Material shown:

(* Let $s\ge1$ and let $\vec M=(M_1,\dots,M_n)$ be any vector of positive integers with $2M_i+1\equiv0\pmod{p^s}$ for all $i$. Then for every $t=1,\dots,s$ one has $\mathcal M^t_{p^s}(\vec M)=\mathcal M^t_{p^s}$. In particular the filtration $0=\mathcal M^0_{p^s}(\vec M)\subset\mathcal M^1_{p^s}(\vec M)\subset\dots\subset\mathcal M^s_{p^s}(\vec M)$ does not depend on the choice of $\vec M$ and coincides with the filtration $0=\mathcal M^0_{p^s}\subset\dots\subset\mathcal M^s_{p^s}=\mathcal M_{p^s}$.
   Context: Let $p$ be an odd prime, $g\ge1$, $n=2g+1$, with $p>n$; $z=(z_1,\dots,z_n)$; $\pi_s$ denotes reduction modulo $p^s$ on $\mathbb Z[z]^n$. Quasi-constants: $f\in\mathbb Z[z]$ is a quasi-constant modulo $p^r$ if $\partial f/\partial z_i\in p^r\mathbb Z[z]$ for all $i$; these form a ring $\mathbb Z[z]_{p^r}$. For a positive integer $r$ put $M_r=(p^r-1)/2$, $\Phi_{p^r}(x,z)=\prod_{i=1}^n(x-z_i)^{M_r}$, expand $\Big(\frac{\Phi_{p^r}}{x-z_1},\dots,\frac{\Phi_{p^r}}{x-z_n}\Big)=\sum_iP^i_{p^r}(z)x^i$ with $P^i_{p^r}(z)\in\mathbb Z[z]^n$, and set $I^{[lp^r-1]}_{p^r}(z)=P^{lp^r-1}_{p^r}(z)$. For $1\le t\le s$ define $\mathcal M^t_{p^s}=\{\pi_s(\sum_{r=1}^t\sum_{l=1}^g c_{r,l}(z)\,p^{s-r}I^{[lp^r-1]}_{p^r}(z)) : c_{r,l}\in\mathbb Z[z]_{p^r}\}$, $\mathcal M^0_{p^s}=0$, $\mathcal M_{p^s}=\mathcal M^s_{p^s}$. For $\vec M=(M_1,\dots,M_n)$ put $\Phi(x,z,\vec M)=\prod_{i=1}^n(x-z_i)^{M_i}$, expand $\Big(\frac{\Phi(x,z,\vec M)}{x-z_1},\dots,\frac{\Phi(x,z,\vec M)}{x-z_n}\Big)=\sum_iP^i(z,\vec M)x^i$, and set $I^{[m-1]}(z,\vec M)=P^{m-1}(z,\vec M)$. For $1\le t\le s$ define $\mathcal M^t_{p^s}(\vec M)=\{\pi_s(\sum_{r=1}^t\sum_{l\ge1}c_{r,l}(z)\,p^{s-r}I^{[lp^r-1]}(z,\vec M)) : c_{r,l}\in\mathbb Z[z]_{p^r}\text{, finitely many nonzero}\}$ and $\mathcal M^0_{p^s}(\vec M)=0$. *)

theory Defs
  imports "HOL-Library.Poly_Mapping" "HOL-Computational_Algebra.Polynomial"
begin
text \<open>Z[z]: integer polynomials, monomials are finitely supported exponent vectors
  (variable z_(i+1) has index i); the ring structure is the convolution ring of Poly_Mapping.\<close>
type_synonym mpoly = "(nat \<Rightarrow>\<^sub>0 nat) \<Rightarrow>\<^sub>0 int"

definition Var :: "nat \<Rightarrow> mpoly" where
  "Var i = Poly_Mapping.single (Poly_Mapping.single i 1) 1"

definition in_Zz :: "nat \<Rightarrow> mpoly \<Rightarrow> bool" where
  "in_Zz n f \<longleftrightarrow> (\<forall>m \<in> Poly_Mapping.keys f. Poly_Mapping.keys m \<subseteq> {0..<n})"

definition pdz :: "nat \<Rightarrow> mpoly \<Rightarrow> mpoly" where
  "pdz i f = (\<Sum>m \<in> Poly_Mapping.keys f.
      Poly_Mapping.single (m - Poly_Mapping.single i 1) (int (Poly_Mapping.lookup m i) * Poly_Mapping.lookup f m))"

Exercise instructions:
Whenever a line of the material above contains the string "mathcal", copy that line out.

Result of the exercise:
(* Let $s\ge1$ and let $\vec M=(M_1,\dots,M_n)$ be any vector of positive integers with $2M_i+1\equiv0\pmod{p^s}$ for all $i$. Then for every $t=1,\dots,s$ one has $\mathcal M^t_{p^s}(\vec M)=\mathcal M^t_{p^s}$. In particular the filtration $0=\mathcal M^0_{p^s}(\vec M)\subset\mathcal M^1_{p^s}(\vec M)\subset\dots\subset\mathcal M^s_{p^s}(\vec M)$ does not depend on the choice of $\vec M$ and coincides with the filtration $0=\mathcal M^0_{p^s}\subset\dots\subset\mathcal M^s_{p^s}=\mathcal M_{p^s}$.
   Context: Let $p$ be an odd prime, $g\ge1$, $n=2g+1$, with $p>n$; $z=(z_1,\dots,z_n)$; $\pi_s$ denotes reduction modulo $p^s$ on $\mathbb Z[z]^n$. Quasi-constants: $f\in\mathbb Z[z]$ is a quasi-constant modulo $p^r$ if $\partial f/\partial z_i\in p^r\mathbb Z[z]$ for all $i$; these form a ring $\mathbb Z[z]_{p^r}$. For a positive integer $r$ put $M_r=(p^r-1)/2$, $\Phi_{p^r}(x,z)=\prod_{i=1}^n(x-z_i)^{M_r}$, expand $\Big(\frac{\Phi_{p^r}}{x-z_1},\dots,\frac{\Phi_{p^r}}{x-z_n}\Big)=\sum_iP^i_{p^r}(z)x^i$ with $P^i_{p^r}(z)\in\mathbb Z[z]^n$, and set $I^{[lp^r-1]}_{p^r}(z)=P^{lp^r-1}_{p^r}(z)$. For $1\le t\le s$ define $\mathcal M^t_{p^s}=\{\pi_s(\sum_{r=1}^t\sum_{l=1}^g c_{r,l}(z)\,p^{s-r}I^{[lp^r-1]}_{p^r}(z)) : c_{r,l}\in\mathbb Z[z]_{p^r}\}$, $\mathcal M^0_{p^s}=0$, $\mathcal M_{p^s}=\mathcal M^s_{p^s}$. For $\vec M=(M_1,\dots,M_n)$ put $\Phi(x,z,\vec M)=\prod_{i=1}^n(x-z_i)^{M_i}$, expand $\Big(\frac{\Phi(x,z,\vec M)}{x-z_1},\dots,\frac{\Phi(x,z,\vec M)}{x-z_n}\Big)=\sum_iP^i(z,\vec M)x^i$, and set $I^{[m-1]}(z,\vec M)=P^{m-1}(z,\vec M)$. For $1\le t\le s$ define $\mathcal M^t_{p^s}(\vec M)=\{\pi_s(\sum_{r=1}^t\sum_{l\ge1}c_{r,l}(z)\,p^{s-r}I^{[lp^r-1]}(z,\vec M)) : c_{r,l}\in\mathbb Z[z]_{p^r}\text{, finitely many nonzero}\}$ and $\mathcal M^0_{p^s}(\vec M)=0$. *)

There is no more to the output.